The founder of Frank, a now-defunct college financial planning platform that was sold to JPMorgan Chase for $175 million, has been charged with fraud by the SEC.
The SEC’s complaint alleges that Charlie Javice, Frank’s founder and CEO, devised a scheme to mislead JPMC into believing that Frank had access to valuable data on 4.25 million students using the service, when the actual number was less than 300,000. During negotiations, JPMC requested data on Frank’s customers, and when Javice sought assistance from the company’s director of engineering to create synthetic data to support her claims, the director refused. Allegedly, Javice then paid a data science professor to fabricate the necessary data to finalize the deal with JPMC.
The SEC’s investigation revealed that Javice received $9.7 million directly in stock proceeds from the $175 million acquisition, along with additional millions through trusts, and secured a contract for a $20 million retention bonus as a new employee of JPMC.
“Rather than help students, we allege that Ms. Javice engaged in a classic fraud: she misrepresented Frank’s success in assisting millions of students with the college financial aid process by fabricating data to back her claims, and used that false information to persuade JPMC to enter into a $175 million transaction,” stated Gurbir S. Grewal, director of the SEC’s Division of Enforcement. “Even private, early-stage companies must be truthful in their representations, and when they do not, we will hold them accountable, as in this case.”

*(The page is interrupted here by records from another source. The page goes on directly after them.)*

lemma integral_biorthogonal_projection:
  assumes S: "finite S"
    and p: "\<And>a. a \<in> S \<Longrightarrow> bounded_compact_support (p a)"
    and r: "\<And>a. a \<in> S \<Longrightarrow> bounded_compact_support (r a)"
    and biorth: "\<And>a b. a \<in> S \<Longrightarrow> b \<in> S \<Longrightarrow>
                   (\<integral>x. p a x * r b x \<partial>lborel) = (if a = b then 1 else 0)"
    and w: "w \<in> L1loc"
  shows "(\<integral>x. (\<Sum>q\<in>S. (\<integral>y. w y * p q y \<partial>lborel) * r q x) * (\<Sum>a\<in>S. c a * p a x) \<partial>lborel)
       = (\<integral>x. w x * (\<Sum>a\<in>S. c a * p a x) \<partial>lborel)"
proof -
  let ?v = "\<lambda>x. \<Sum>a\<in>S. c a * p a x"
  have vr: "integrable lborel (\<lambda>x. ?v x * r q x)" if "q \<in> S" for q
  proof -
    have "integrable lborel (\<lambda>x. p a x * r q x)" if "a \<in> S" for a
      using p[OF that] r[OF \<open>q \<in> S\<close>] by (intro integrable_L1loc_mult bounded_compact_support_L1loc)
    then have "integrable lborel (\<lambda>x. \<Sum>a\<in>S. c a * (p a x * r q x))"
      by auto
    then show ?thesis by (simp add: sum_distrib_right mult.assoc)
  qed
  have "(\<integral>x. (\<Sum>q\<in>S. (\<integral>y. w y * p q y \<partial>lborel) * r q x) * ?v x \<partial>lborel)
      = (\<integral>x. ?v x * (\<Sum>q\<in>S. (\<integral>y. w y * p q y \<partial>lborel) * r q x) \<partial>lborel)"
    by (simp add: mult.commute)
  also have "\<dots> = (\<Sum>q\<in>S. (\<integral>y. w y * p q y \<partial>lborel) * (\<integral>x. ?v x * r q x \<partial>lborel))"
    using S vr by (rule integral_mult_lincomb)
  also have "\<dots> = (\<Sum>q\<in>S. c q * (\<integral>y. w y * p q y \<partial>lborel))"
    using S p r biorth by (intro sum.cong) (simp_all add: integral_lincomb_mult_biorthogonal)
  also have "\<dots> = (\<integral>x. w x * ?v x \<partial>lborel)"
    using S p w by (intro integral_mult_lincomb[symmetric]) (auto intro: integrable_L1loc_mult)
  finally show ?thesis .
qed

lemma pw_val_linear:
  "pw_val G (\<lambda>j x. a * v j x + b * w j x) x = a * pw_val G v x + b * pw_val G w x"
proof (cases "x \<in> G")
  case True
  then show ?thesis unfolding pw_val_def Let_def by (simp add: algebra_simps add_divide_distrib)
next
  case False
  then show ?thesis
    unfolding pw_val_def Let_def
    by (simp add: sum.distrib sum_distrib_left if_distrib[of "\<lambda>y. a * y"] if_distrib[of "\<lambda>y. b * y"]
        flip: sum.distrib) (rule sum.cong; simp)
qed

lemma C1_linear_comb:
  assumes "f \<in> C1" "g \<in> C1"
  shows "(\<lambda>x. a * f x + b * g x) \<in> C1"
proof -
  obtain f' g' where
    f: "\<And>x. (f has_real_derivative f' x) (at x)" "continuous_on UNIV f'" and
    g: "\<And>x. (g has_real_derivative g' x) (at x)" "continuous_on UNIV g'"
    using assms unfolding C1_def by blast
  have "((\<lambda>x. a * f x + b * g x) has_real_derivative (a * f' x + b * g' x)) (at x)" for x
    using DERIV_add[OF DERIV_cmult[OF f(1)] DERIV_cmult[OF g(1)]] by simp
  moreover have "continuous_on UNIV (\<lambda>x. a * f' x + b * g' x)"
    by (intro continuous_intros f g)
  ultimately show ?thesis unfolding C1_def by (intro CollectI exI[of _ "\<lambda>x. a * f' x + b * g' x"]) auto
qed

lemma Vspan_linear_comb:
  assumes "f \<in> Vspan l" "g \<in> Vspan l"
  shows "(\<lambda>x. a * f x + b * g x) \<in> Vspan l"
proof -
  obtain c1 c2 where "f = (\<lambda>x. \<Sum>h\<in>l. c1 h * h x)" "g = (\<lambda>x. \<Sum>h\<in>l. c2 h * h x)"
    using assms unfolding Vspan_def by blast
  then have "(\<lambda>x. a * f x + b * g x) = (\<lambda>x. \<Sum>h\<in>l. (a * c1 h + b * c2 h) * h x)"
    by (simp add: sum_distrib_left sum.distrib algebra_simps)
  then show ?thesis unfolding Vspan_def by (intro CollectI exI)
qed

lemma zero_in_Ulevel: "(\<lambda>x. 0) \<in> Ulevel l G"
proof -
  have "(\<lambda>x. 0::real) \<in> C1" unfolding C1_def by (intro CollectI exI[of _ "\<lambda>x. 0"]) auto
  moreover have "(\<lambda>x. 0::real) \<in> Vspan l" unfolding Vspan_def by (intro CollectI exI[of _ "\<lambda>x. 0"]) auto
  moreover have "pw_val G (\<lambda>j x. 0) = (\<lambda>x. 0)" unfolding pw_val_def Let_def by auto
  ultimately show ?thesis unfolding Ulevel_def by (intro CollectI exI[of _ "\<lambda>j x. 0"]) auto
qed

lemma Ulevel_linear_comb:
  assumes "f \<in> Ulevel l G" "g \<in> Ulevel l G"
  shows "(\<lambda>x. a * f x + b * g x) \<in> Ulevel l G"
proof -
  obtain v w where
    "\<forall>j < grid_len G. v j \<in> C1 \<and> v j \<in> Vspan l" "f = pw_val G v" and
    "\<forall>j < grid_len G. w j \<in> C1 \<and> w j \<in> Vspan l" "g = pw_val G w"
    using assms unfolding Ulevel_def by blast
  then show ?thesis
    unfolding Ulevel_def
    by (intro CollectI exI[of _ "\<lambda>j x. a * v j x + b * w j x"])
      (auto simp: pw_val_linear C1_linear_comb Vspan_linear_comb)
qed

lemma Ulevel_sum:
  assumes "finite A" "\<And>a. a \<in> A \<Longrightarrow> f a \<in> Ulevel l G"
  shows "(\<lambda>x. \<Sum>a\<in>A. c a * f a x) \<in> Ulevel l G"
  using assms
proof (induction A rule: finite_induct)
  case empty
  then show ?case using zero_in_Ulevel by simp
next
  case (insert a A)
  then have "(\<lambda>x. c a * f a x + 1 * (\<Sum>a\<in>A. c a * f a x)) \<in> Ulevel l G"
    by (intro Ulevel_linear_comb) auto
  then show ?case using insert by simp
qed

lemma C1_continuous:
  assumes "f \<in> C1"
  shows "continuous_on UNIV f"
proof -
  obtain f' where "\<And>x. (f has_real_derivative f' x) (at x)" using assms unfolding C1_def by blast
  then show ?thesis by (intro continuous_at_imp_continuous_on ballI) (rule DERIV_isCont)
qed

lemma grid_pt_in:
  assumes "finite G" "G \<noteq> {}" "j \<le> grid_len G"
  shows "grid_pt G j \<in> G"
proof -
  have "card G > 0" using assms by (simp add: card_gt_0_iff)
  then have "j < length (sorted_list_of_set G)" using assms unfolding grid_len_def by simp
  then show ?thesis unfolding grid_pt_def using assms(1) by (metis nth_mem set_sorted_list_of_set)
qed

lemma grid_index_le:
  assumes "finite G" "x \<in> G"
  shows "(THE j. j \<le> grid_len G \<and> grid_pt G j = x) \<le> grid_len G"
proof -
  let ?xs = "sorted_list_of_set G"
  have len: "length ?xs = grid_len G + 1"
    using assms unfolding grid_len_def
    by (metis Suc_eq_plus1 Suc_pred' card_gt_0_iff empty_iff length_sorted_list_of_set)
  obtain j where j: "j < length ?xs" "?xs ! j = x"
    using assms by (metis in_set_conv_nth set_sorted_list_of_set)
  have "(THE j. j \<le> grid_len G \<and> grid_pt G j = x) = j"
  proof (rule the_equality)
    show "j \<le> grid_len G \<and> grid_pt G j = x" using j len unfolding grid_pt_def by simp
    fix i assume "i \<le> grid_len G \<and> grid_pt G i = x"
    show "i = j"
    proof -
      have "i < length ?xs" "?xs ! i = ?xs ! j"
        using \<open>i \<le> grid_len G \<and> grid_pt G i = x\<close> j len unfolding grid_pt_def by auto
      then show "i = j" using j distinct_sorted_list_of_set[of G] nth_eq_iff_index_eq by blast
    qed
  qed
  then show ?thesis using j len by simp
qed

text \<open>With a single grid point there are no pieces, yet \<open>pw_val\<close> takes the value \<open>v 0\<close>
there; hence the assumption of at least two grid points.\<close>

lemma abs_pw_val_le:
  assumes "finite G" "1 \<le> grid_len G"
  shows "\<bar>pw_val G v x\<bar> \<le> (\<Sum>j<grid_len G. \<bar>v j x\<bar>)"
proof -
  let ?n = "grid_len G" and ?S = "\<Sum>j<grid_len G. \<bar>v j x\<bar>"
  have piece: "\<bar>v j x\<bar> \<le> ?S" if "j < ?n" for j
    using that by (intro member_le_sum) auto
  show ?thesis
  proof (cases "x \<in> G")
    case True
    define j where "j = (THE j. j \<le> ?n \<and> grid_pt G j = x)"
    have jn: "j \<le> ?n" unfolding j_def using assms(1) True by (rule grid_index_le)
    have pw: "pw_val G v x = (if j = 0 then v 0 x else if j = ?n then v (?n - 1) x
                              else (v (j - 1) x + v j x) / 2)"
      unfolding pw_val_def Let_def j_def using True by simp
    show ?thesis
    proof (cases "j = 0 \<or> j = ?n")
      case True
      then show ?thesis using pw piece[of 0] piece[of "?n - 1"] assms(2) by auto
    next
      case False
      then have "\<bar>v (j - 1) x\<bar> \<le> ?S" "\<bar>v j x\<bar> \<le> ?S" using jn piece by auto
      then have "\<bar>v (j - 1) x + v j x\<bar> \<le> 2 * ?S"
        using abs_triangle_ineq[of "v (j - 1) x" "v j x"] by linarith
      then show ?thesis using pw False by simp
    qed
  next
    case False
    then have "\<bar>pw_val G v x\<bar>
        = \<bar>\<Sum>j<?n. if grid_pt G j < x \<and> x < grid_pt G (Suc j) then v j x else 0\<bar>"
      unfolding pw_val_def Let_def by simp
    also have "\<dots> \<le> ?S" by (rule order_trans[OF sum_abs sum_mono]) auto
    finally show ?thesis .
  qed
qed

lemma pw_val_outside:
  assumes "finite G" "G \<noteq> {}" "x \<notin> {Min G..Max G}"
  shows "pw_val G v x = 0"
proof -
  have "\<not> (grid_pt G j < x \<and> x < grid_pt G (Suc j))" if "j < grid_len G" for j
  proof -
    have "grid_pt G j \<in> G" "grid_pt G (Suc j) \<in> G" using grid_pt_in[OF assms(1,2)] that by auto
    then have "Min G \<le> grid_pt G j" "grid_pt G (Suc j) \<le> Max G" using assms(1) by auto
    then show ?thesis using assms(3) by auto
  qed
  then have "(\<Sum>j<grid_len G. if grid_pt G j < x \<and> x < grid_pt G (Suc j) then v j x else 0) = 0"
    by (intro sum.neutral) auto
  moreover have "x \<notin> G" using assms by auto
  ultimately show ?thesis unfolding pw_val_def Let_def by simp
qed

lemma pw_val_borel_measurable:
  assumes "finite G" and cont: "\<And>j. j < grid_len G \<Longrightarrow> continuous_on UNIV (v j)"
  shows "pw_val G v \<in> borel_measurable borel"
proof -
  define B where
    "B = (\<lambda>x. \<Sum>j<grid_len G. if grid_pt G j < x \<and> x < grid_pt G (Suc j) then v j x else 0)"
  have "B \<in> borel_measurable borel"
    unfolding B_def
  proof (intro borel_measurable_sum)
    fix j assume "j \<in> {..<grid_len G}"
    then have "v j \<in> borel_measurable borel" using cont borel_measurable_continuous_onI by auto
    then show "(\<lambda>x. if grid_pt G j < x \<and> x < grid_pt G (Suc j) then v j x else 0) \<in> borel_measurable borel"
      by measurable
  qed
  then show ?thesis
  proof (rule measurable_discrete_difference)
    show "countable G" using assms(1) by (rule countable_finite)
    show "B x = pw_val G v x" if "x \<notin> G" for x
      using that unfolding B_def pw_val_def Let_def by simp
  qed simp_all
qed

lemma Ulevel_vanishes_outside:
  assumes "finite G" "G \<noteq> {}" "f \<in> Ulevel l G" "x \<notin> {Min G..Max G}"
  shows "f x = 0"
  using assms pw_val_outside unfolding Ulevel_def by blast

lemma Ulevel_bounded_compact_support:
  assumes G: "finite G" "1 \<le> grid_len G" and f: "f \<in> Ulevel l G"
  shows "bounded_compact_support f"
proof -
  obtain v where v: "\<forall>j < grid_len G. v j \<in> C1" and f_def: "f = pw_val G v"
    using f unfolding Ulevel_def by blast
  let ?M = "\<lambda>x. \<Sum>j<grid_len G. \<bar>v j x\<bar>"
  have G_ne: "G \<noteq> {}" using G unfolding grid_len_def by auto
  have cont: "\<And>j. j < grid_len G \<Longrightarrow> continuous_on UNIV (v j)" using v C1_continuous by blast
  have "compact (?M ` {Min G..Max G})"
    by (intro compact_continuous_image continuous_intros continuous_on_subset[OF cont]) auto
  then obtain C where "\<forall>y\<in>?M ` {Min G..Max G}. norm y \<le> C"
    using compact_imp_bounded bounded_iff by blast
  then have C: "\<And>x. x \<in> {Min G..Max G} \<Longrightarrow> \<bar>?M x\<bar> \<le> C" by simp
  have "\<bar>f x\<bar> \<le> C * indicator {Min G..Max G} x" for x
  proof (cases "x \<in> {Min G..Max G}")
    case True
    then show ?thesis using abs_pw_val_le[OF G, of v x] C[OF True] f_def by simp
  next
    case False
    then show ?thesis using Ulevel_vanishes_outside[OF G(1) G_ne f] by simp
  qed
  moreover have "f \<in> borel_measurable borel"
    unfolding f_def using G(1) cont by (rule pw_val_borel_measurable)
  ultimately show ?thesis unfolding bounded_compact_support_def by blast
qed

text \<open>Since an ultrafilter decides every property, a levelwise counterexample on a set of
levels in \<open>F\<close> would, by choice, yield an internal counterexample.\<close>

lemma fine_ultrafilter_eventually_ball:
  assumes F: "fine_ultrafilter F"
    and internal: "\<And>q. eventually (\<lambda>l. q l \<in> S l) F \<Longrightarrow> eventually (\<lambda>l. P l (q l)) F"
  shows "eventually (\<lambda>l. \<forall>y\<in>S l. P l y) F"
proof (rule ccontr)
  assume "\<not> ?thesis"
  with F have "eventually (\<lambda>l. \<not> (\<forall>y\<in>S l. P l y)) F"
    unfolding fine_ultrafilter_def by blast
  then have "eventually (\<lambda>l. \<exists>y. y \<in> S l \<and> \<not> P l y) F"
    by (rule eventually_mono) blast
  then have witness: "eventually (\<lambda>l. (SOME y. y \<in> S l \<and> \<not> P l y) \<in> S l \<and>
                                      \<not> P l (SOME y. y \<in> S l \<and> \<not> P l y)) F"
    by (rule eventually_mono) (rule someI_ex)
  then have "eventually (\<lambda>l. P l (SOME y. y \<in> S l \<and> \<not> P l y)) F"
    by (auto intro: internal elim: eventually_mono)
  with witness have "eventually (\<lambda>l. False) F"
    by (rule eventually_elim2) simp
  with F show False unfolding fine_ultrafilter_def by simp
qed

Additionally, JPMorgan Chase has filed a lawsuit against Javice over the alleged fraud, to which she has counterclaimed, seeking coverage for her legal fees. In a countersuit lodged against Chase in February, her attorneys accused the bank of engaging in a “massive ‘CYA’ effort” aimed at shifting the blame for a failed acquisition onto what they described as an “easy target: its young female founder.”